Work to be completed —
Copy each line of the entries below that contains the string "Delta".

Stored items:

theorem theorem2:
  fixes M :: "'a measure" and e :: "nat \<Rightarrow> 'a \<Rightarrow> real"
    and l \<Delta> :: real and n :: nat
  assumes "prob_space M"
    and "l > 0" and "\<Delta> > 0"
    and "prob_space.indep_vars M (\<lambda>_. borel) e {1..n}"
    and "\<And>k. k \<in> {1..n} \<Longrightarrow> distributed M lborel (e k) (exponential_density l)"
  shows "measure M {\<omega> \<in> space M. core_correct \<Delta> n (\<lambda>k. e k \<omega>)}
         = (\<Sum>k=0..n. (1 / fact k) * (1 - exp (- l * \<Delta>)) ^ (n - k) * (exp (- l * \<Delta>)) ^ k)"
proof -
  interpret prob_space M by fact
  interpret core_protocol l \<Delta> using assms(2,3) by unfold_locales
  have "core_correct \<Delta> n (\<lambda>k. e k \<omega>) \<longleftrightarrow> core_correct \<Delta> n (\<lambda>k\<in>{1..n}. e k \<omega>)" for \<omega>
    by (simp add: core_correct_def core_time_def)
  then have "measure M {\<omega> \<in> space M. core_correct \<Delta> n (\<lambda>k. e k \<omega>)}
      = measure (PiM {1..n} (\<lambda>_. delay))
          {x \<in> space (PiM {1..n} (\<lambda>_. delay)). core_correct \<Delta> n x}"
    using measure_iid_eq_PiM[OF assms(4,5) pred_core_correct] by simp
  also have "\<dots> = correct_prob n"
    by (rule measure_PiM_core_correct)
  finally show ?thesis
    unfolding correct_prob_def q_def diff_diff_eq2 add_diff_cancel_left' .
qed

end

Answer —
    and l \<Delta> :: real and n :: nat
    and "l > 0" and "\<Delta> > 0"
  shows "measure M {\<omega> \<in> space M. core_correct \<Delta> n (\<lambda>k. e k \<omega>)}
         = (\<Sum>k=0..n. (1 / fact k) * (1 - exp (- l * \<Delta>)) ^ (n - k) * (exp (- l * \<Delta>)) ^ k)"
  interpret core_protocol l \<Delta> using assms(2,3) by unfold_locales
  have "core_correct \<Delta> n (\<lambda>k. e k \<omega>) \<longleftrightarrow> core_correct \<Delta> n (\<lambda>k\<in>{1..n}. e k \<omega>)" for \<omega>
  then have "measure M {\<omega> \<in> space M. core_correct \<Delta> n (\<lambda>k. e k \<omega>)}
          {x \<in> space (PiM {1..n} (\<lambda>_. delay)). core_correct \<Delta> n x}"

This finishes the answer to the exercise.